> [What to work on]
All that is asked is a faithful reproduction of the entries.

(Collected data entries)
=== Section Start ===
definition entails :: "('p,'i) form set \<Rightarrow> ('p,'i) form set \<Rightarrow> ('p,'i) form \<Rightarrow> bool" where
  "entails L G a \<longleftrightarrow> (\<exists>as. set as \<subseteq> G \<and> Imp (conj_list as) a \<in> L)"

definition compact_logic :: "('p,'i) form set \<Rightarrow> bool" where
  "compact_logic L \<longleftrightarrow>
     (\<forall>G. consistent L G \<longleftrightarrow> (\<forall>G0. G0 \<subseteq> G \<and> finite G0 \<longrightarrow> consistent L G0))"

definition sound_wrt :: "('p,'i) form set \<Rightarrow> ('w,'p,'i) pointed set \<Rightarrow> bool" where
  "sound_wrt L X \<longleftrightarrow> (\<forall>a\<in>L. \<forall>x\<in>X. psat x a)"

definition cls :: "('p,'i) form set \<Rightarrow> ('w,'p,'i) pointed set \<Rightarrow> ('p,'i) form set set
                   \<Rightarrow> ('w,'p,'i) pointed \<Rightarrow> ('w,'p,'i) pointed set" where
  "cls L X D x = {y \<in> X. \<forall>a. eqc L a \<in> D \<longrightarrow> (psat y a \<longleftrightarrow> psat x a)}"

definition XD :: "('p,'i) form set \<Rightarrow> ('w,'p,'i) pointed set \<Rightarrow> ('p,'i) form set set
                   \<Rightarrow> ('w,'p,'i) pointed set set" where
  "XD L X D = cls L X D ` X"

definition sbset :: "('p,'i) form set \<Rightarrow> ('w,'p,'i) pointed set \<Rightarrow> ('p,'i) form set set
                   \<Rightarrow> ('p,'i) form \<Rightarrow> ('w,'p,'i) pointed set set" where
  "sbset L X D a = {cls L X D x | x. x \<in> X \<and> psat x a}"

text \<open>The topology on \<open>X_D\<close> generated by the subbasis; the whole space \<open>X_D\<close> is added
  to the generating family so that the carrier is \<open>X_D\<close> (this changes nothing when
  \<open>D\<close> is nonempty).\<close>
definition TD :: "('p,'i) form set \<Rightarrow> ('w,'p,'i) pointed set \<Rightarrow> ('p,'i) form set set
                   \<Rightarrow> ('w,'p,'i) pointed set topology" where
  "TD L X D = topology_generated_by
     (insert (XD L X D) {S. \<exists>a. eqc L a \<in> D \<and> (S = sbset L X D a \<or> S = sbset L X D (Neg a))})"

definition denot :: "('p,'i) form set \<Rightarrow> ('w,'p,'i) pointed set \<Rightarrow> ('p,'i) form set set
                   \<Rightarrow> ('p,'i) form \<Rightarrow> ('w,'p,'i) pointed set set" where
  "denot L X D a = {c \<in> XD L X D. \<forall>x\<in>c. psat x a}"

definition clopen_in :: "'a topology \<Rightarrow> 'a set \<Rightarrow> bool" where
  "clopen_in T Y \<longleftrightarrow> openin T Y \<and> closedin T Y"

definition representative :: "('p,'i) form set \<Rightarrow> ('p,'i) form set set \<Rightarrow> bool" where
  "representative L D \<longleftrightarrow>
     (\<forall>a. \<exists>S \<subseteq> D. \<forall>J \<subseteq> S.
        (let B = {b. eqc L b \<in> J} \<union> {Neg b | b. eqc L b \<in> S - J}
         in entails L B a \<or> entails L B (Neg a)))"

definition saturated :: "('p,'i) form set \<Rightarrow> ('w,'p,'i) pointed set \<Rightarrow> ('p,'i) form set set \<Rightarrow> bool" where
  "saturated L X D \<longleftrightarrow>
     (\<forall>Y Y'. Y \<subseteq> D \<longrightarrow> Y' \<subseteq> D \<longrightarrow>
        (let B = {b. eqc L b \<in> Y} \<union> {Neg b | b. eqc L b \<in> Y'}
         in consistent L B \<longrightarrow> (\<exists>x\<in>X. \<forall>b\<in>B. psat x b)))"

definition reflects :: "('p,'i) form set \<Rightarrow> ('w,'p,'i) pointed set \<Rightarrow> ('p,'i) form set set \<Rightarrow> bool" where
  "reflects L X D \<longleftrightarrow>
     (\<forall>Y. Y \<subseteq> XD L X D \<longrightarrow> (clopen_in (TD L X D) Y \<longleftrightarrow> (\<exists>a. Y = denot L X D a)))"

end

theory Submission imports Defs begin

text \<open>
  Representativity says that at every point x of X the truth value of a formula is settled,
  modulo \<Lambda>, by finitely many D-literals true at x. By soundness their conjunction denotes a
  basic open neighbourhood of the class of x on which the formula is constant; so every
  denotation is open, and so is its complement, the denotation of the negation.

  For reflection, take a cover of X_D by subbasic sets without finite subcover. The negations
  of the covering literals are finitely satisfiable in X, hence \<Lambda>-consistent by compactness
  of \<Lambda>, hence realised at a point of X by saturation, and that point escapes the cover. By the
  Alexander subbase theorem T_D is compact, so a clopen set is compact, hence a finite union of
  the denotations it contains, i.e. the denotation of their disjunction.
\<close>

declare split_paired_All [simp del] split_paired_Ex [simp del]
=== Section End ===
> [Answer box]
definition entails :: "('p,'i) form set \<Rightarrow> ('p,'i) form set \<Rightarrow> ('p,'i) form \<Rightarrow> bool" where
  "entails L G a \<longleftrightarrow> (\<exists>as. set as \<subseteq> G \<and> Imp (conj_list as) a \<in> L)"

definition compact_logic :: "('p,'i) form set \<Rightarrow> bool" where
  "compact_logic L \<longleftrightarrow>
     (\<forall>G. consistent L G \<longleftrightarrow> (\<forall>G0. G0 \<subseteq> G \<and> finite G0 \<longrightarrow> consistent L G0))"

definition sound_wrt :: "('p,'i) form set \<Rightarrow> ('w,'p,'i) pointed set \<Rightarrow> bool" where
  "sound_wrt L X \<longleftrightarrow> (\<forall>a\<in>L. \<forall>x\<in>X. psat x a)"

definition cls :: "('p,'i) form set \<Rightarrow> ('w,'p,'i) pointed set \<Rightarrow> ('p,'i) form set set
                   \<Rightarrow> ('w,'p,'i) pointed \<Rightarrow> ('w,'p,'i) pointed set" where
  "cls L X D x = {y \<in> X. \<forall>a. eqc L a \<in> D \<longrightarrow> (psat y a \<longleftrightarrow> psat x a)}"

definition XD :: "('p,'i) form set \<Rightarrow> ('w,'p,'i) pointed set \<Rightarrow> ('p,'i) form set set
                   \<Rightarrow> ('w,'p,'i) pointed set set" where
  "XD L X D = cls L X D ` X"

definition sbset :: "('p,'i) form set \<Rightarrow> ('w,'p,'i) pointed set \<Rightarrow> ('p,'i) form set set
                   \<Rightarrow> ('p,'i) form \<Rightarrow> ('w,'p,'i) pointed set set" where
  "sbset L X D a = {cls L X D x | x. x \<in> X \<and> psat x a}"

text \<open>The topology on \<open>X_D\<close> generated by the subbasis; the whole space \<open>X_D\<close> is added
  to the generating family so that the carrier is \<open>X_D\<close> (this changes nothing when
  \<open>D\<close> is nonempty).\<close>
definition TD :: "('p,'i) form set \<Rightarrow> ('w,'p,'i) pointed set \<Rightarrow> ('p,'i) form set set
                   \<Rightarrow> ('w,'p,'i) pointed set topology" where
  "TD L X D = topology_generated_by
     (insert (XD L X D) {S. \<exists>a. eqc L a \<in> D \<and> (S = sbset L X D a \<or> S = sbset L X D (Neg a))})"

definition denot :: "('p,'i) form set \<Rightarrow> ('w,'p,'i) pointed set \<Rightarrow> ('p,'i) form set set
                   \<Rightarrow> ('p,'i) form \<Rightarrow> ('w,'p,'i) pointed set set" where
  "denot L X D a = {c \<in> XD L X D. \<forall>x\<in>c. psat x a}"

definition clopen_in :: "'a topology \<Rightarrow> 'a set \<Rightarrow> bool" where
  "clopen_in T Y \<longleftrightarrow> openin T Y \<and> closedin T Y"

definition representative :: "('p,'i) form set \<Rightarrow> ('p,'i) form set set \<Rightarrow> bool" where
  "representative L D \<longleftrightarrow>
     (\<forall>a. \<exists>S \<subseteq> D. \<forall>J \<subseteq> S.
        (let B = {b. eqc L b \<in> J} \<union> {Neg b | b. eqc L b \<in> S - J}
         in entails L B a \<or> entails L B (Neg a)))"

definition saturated :: "('p,'i) form set \<Rightarrow> ('w,'p,'i) pointed set \<Rightarrow> ('p,'i) form set set \<Rightarrow> bool" where
  "saturated L X D \<longleftrightarrow>
     (\<forall>Y Y'. Y \<subseteq> D \<longrightarrow> Y' \<subseteq> D \<longrightarrow>
        (let B = {b. eqc L b \<in> Y} \<union> {Neg b | b. eqc L b \<in> Y'}
         in consistent L B \<longrightarrow> (\<exists>x\<in>X. \<forall>b\<in>B. psat x b)))"

definition reflects :: "('p,'i) form set \<Rightarrow> ('w,'p,'i) pointed set \<Rightarrow> ('p,'i) form set set \<Rightarrow> bool" where
  "reflects L X D \<longleftrightarrow>
     (\<forall>Y. Y \<subseteq> XD L X D \<longrightarrow> (clopen_in (TD L X D) Y \<longleftrightarrow> (\<exists>a. Y = denot L X D a)))"

end

theory Submission imports Defs begin

text \<open>
  Representativity says that at every point x of X the truth value of a formula is settled,
  modulo \<Lambda>, by finitely many D-literals true at x. By soundness their conjunction denotes a
  basic open neighbourhood of the class of x on which the formula is constant; so every
  denotation is open, and so is its complement, the denotation of the negation.

  For reflection, take a cover of X_D by subbasic sets without finite subcover. The negations
  of the covering literals are finitely satisfiable in X, hence \<Lambda>-consistent by compactness
  of \<Lambda>, hence realised at a point of X by saturation, and that point escapes the cover. By the
  Alexander subbase theorem T_D is compact, so a clopen set is compact, hence a finite union of
  the denotations it contains, i.e. the denotation of their disjunction.
\<close>

declare split_paired_All [simp del] split_paired_Ex [simp del]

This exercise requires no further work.